### WHAT THIS TASK INVOLVES
Are you able to quote each entry exactly as written?

### MATERIAL SUPPLIED
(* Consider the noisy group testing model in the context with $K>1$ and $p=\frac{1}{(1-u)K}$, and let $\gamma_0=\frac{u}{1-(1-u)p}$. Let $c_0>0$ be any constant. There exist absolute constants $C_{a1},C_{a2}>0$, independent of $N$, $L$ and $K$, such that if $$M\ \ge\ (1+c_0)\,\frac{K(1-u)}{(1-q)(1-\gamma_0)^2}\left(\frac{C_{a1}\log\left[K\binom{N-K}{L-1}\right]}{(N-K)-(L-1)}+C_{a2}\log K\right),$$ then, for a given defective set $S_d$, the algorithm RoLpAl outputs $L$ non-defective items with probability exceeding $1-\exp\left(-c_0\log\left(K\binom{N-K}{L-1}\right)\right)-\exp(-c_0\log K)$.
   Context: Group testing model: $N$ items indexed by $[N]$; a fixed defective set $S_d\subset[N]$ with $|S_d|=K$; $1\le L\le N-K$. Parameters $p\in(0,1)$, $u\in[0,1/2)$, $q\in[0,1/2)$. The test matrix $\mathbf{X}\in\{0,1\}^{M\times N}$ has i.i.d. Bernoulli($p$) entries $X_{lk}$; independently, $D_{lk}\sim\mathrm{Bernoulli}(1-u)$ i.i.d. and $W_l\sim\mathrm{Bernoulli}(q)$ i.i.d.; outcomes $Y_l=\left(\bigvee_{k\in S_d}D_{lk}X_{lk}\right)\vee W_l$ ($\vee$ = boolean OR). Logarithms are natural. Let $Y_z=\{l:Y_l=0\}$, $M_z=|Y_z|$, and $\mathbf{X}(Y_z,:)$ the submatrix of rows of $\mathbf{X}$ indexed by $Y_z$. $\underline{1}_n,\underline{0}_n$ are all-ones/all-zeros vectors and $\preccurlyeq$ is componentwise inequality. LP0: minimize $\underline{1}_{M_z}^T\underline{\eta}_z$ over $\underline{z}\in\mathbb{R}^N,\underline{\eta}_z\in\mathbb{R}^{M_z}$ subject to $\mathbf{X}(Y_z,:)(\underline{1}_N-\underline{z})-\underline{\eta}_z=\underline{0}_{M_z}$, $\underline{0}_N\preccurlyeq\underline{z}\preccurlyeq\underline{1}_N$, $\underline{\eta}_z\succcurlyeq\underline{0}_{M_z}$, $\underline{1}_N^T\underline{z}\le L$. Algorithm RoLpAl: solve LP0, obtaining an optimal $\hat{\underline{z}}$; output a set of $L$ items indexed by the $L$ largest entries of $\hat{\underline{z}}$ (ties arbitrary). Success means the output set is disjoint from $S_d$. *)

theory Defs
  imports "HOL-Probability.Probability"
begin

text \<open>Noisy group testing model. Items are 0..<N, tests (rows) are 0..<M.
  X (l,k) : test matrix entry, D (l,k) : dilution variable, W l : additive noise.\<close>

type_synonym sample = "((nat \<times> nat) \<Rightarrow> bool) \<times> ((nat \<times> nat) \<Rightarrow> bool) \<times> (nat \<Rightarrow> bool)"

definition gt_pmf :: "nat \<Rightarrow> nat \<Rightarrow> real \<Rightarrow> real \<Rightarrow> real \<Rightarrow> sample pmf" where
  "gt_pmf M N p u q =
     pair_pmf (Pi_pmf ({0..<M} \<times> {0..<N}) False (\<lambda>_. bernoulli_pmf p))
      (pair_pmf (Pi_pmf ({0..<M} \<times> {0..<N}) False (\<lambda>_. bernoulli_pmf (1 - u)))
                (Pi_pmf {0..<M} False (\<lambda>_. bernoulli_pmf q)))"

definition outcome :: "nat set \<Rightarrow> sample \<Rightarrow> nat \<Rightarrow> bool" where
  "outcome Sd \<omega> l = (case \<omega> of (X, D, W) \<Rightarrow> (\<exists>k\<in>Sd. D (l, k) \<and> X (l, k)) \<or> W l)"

### REPLY TO THE EXERCISE
(* Consider the noisy group testing model in the context with $K>1$ and $p=\frac{1}{(1-u)K}$, and let $\gamma_0=\frac{u}{1-(1-u)p}$. Let $c_0>0$ be any constant. There exist absolute constants $C_{a1},C_{a2}>0$, independent of $N$, $L$ and $K$, such that if $$M\ \ge\ (1+c_0)\,\frac{K(1-u)}{(1-q)(1-\gamma_0)^2}\left(\frac{C_{a1}\log\left[K\binom{N-K}{L-1}\right]}{(N-K)-(L-1)}+C_{a2}\log K\right),$$ then, for a given defective set $S_d$, the algorithm RoLpAl outputs $L$ non-defective items with probability exceeding $1-\exp\left(-c_0\log\left(K\binom{N-K}{L-1}\right)\right)-\exp(-c_0\log K)$.
   Context: Group testing model: $N$ items indexed by $[N]$; a fixed defective set $S_d\subset[N]$ with $|S_d|=K$; $1\le L\le N-K$. Parameters $p\in(0,1)$, $u\in[0,1/2)$, $q\in[0,1/2)$. The test matrix $\mathbf{X}\in\{0,1\}^{M\times N}$ has i.i.d. Bernoulli($p$) entries $X_{lk}$; independently, $D_{lk}\sim\mathrm{Bernoulli}(1-u)$ i.i.d. and $W_l\sim\mathrm{Bernoulli}(q)$ i.i.d.; outcomes $Y_l=\left(\bigvee_{k\in S_d}D_{lk}X_{lk}\right)\vee W_l$ ($\vee$ = boolean OR). Logarithms are natural. Let $Y_z=\{l:Y_l=0\}$, $M_z=|Y_z|$, and $\mathbf{X}(Y_z,:)$ the submatrix of rows of $\mathbf{X}$ indexed by $Y_z$. $\underline{1}_n,\underline{0}_n$ are all-ones/all-zeros vectors and $\preccurlyeq$ is componentwise inequality. LP0: minimize $\underline{1}_{M_z}^T\underline{\eta}_z$ over $\underline{z}\in\mathbb{R}^N,\underline{\eta}_z\in\mathbb{R}^{M_z}$ subject to $\mathbf{X}(Y_z,:)(\underline{1}_N-\underline{z})-\underline{\eta}_z=\underline{0}_{M_z}$, $\underline{0}_N\preccurlyeq\underline{z}\preccurlyeq\underline{1}_N$, $\underline{\eta}_z\succcurlyeq\underline{0}_{M_z}$, $\underline{1}_N^T\underline{z}\le L$. Algorithm RoLpAl: solve LP0, obtaining an optimal $\hat{\underline{z}}$; output a set of $L$ items indexed by the $L$ largest entries of $\hat{\underline{z}}$ (ties arbitrary). Success means the output set is disjoint from $S_d$. *)

theory Defs
  imports "HOL-Probability.Probability"
begin

text \<open>Noisy group testing model. Items are 0..<N, tests (rows) are 0..<M.
  X (l,k) : test matrix entry, D (l,k) : dilution variable, W l : additive noise.\<close>

type_synonym sample = "((nat \<times> nat) \<Rightarrow> bool) \<times> ((nat \<times> nat) \<Rightarrow> bool) \<times> (nat \<Rightarrow> bool)"

definition gt_pmf :: "nat \<Rightarrow> nat \<Rightarrow> real \<Rightarrow> real \<Rightarrow> real \<Rightarrow> sample pmf" where
  "gt_pmf M N p u q =
     pair_pmf (Pi_pmf ({0..<M} \<times> {0..<N}) False (\<lambda>_. bernoulli_pmf p))
      (pair_pmf (Pi_pmf ({0..<M} \<times> {0..<N}) False (\<lambda>_. bernoulli_pmf (1 - u)))
                (Pi_pmf {0..<M} False (\<lambda>_. bernoulli_pmf q)))"

definition outcome :: "nat set \<Rightarrow> sample \<Rightarrow> nat \<Rightarrow> bool" where
  "outcome Sd \<omega> l = (case \<omega> of (X, D, W) \<Rightarrow> (\<exists>k\<in>Sd. D (l, k) \<and> X (l, k)) \<or> W l)"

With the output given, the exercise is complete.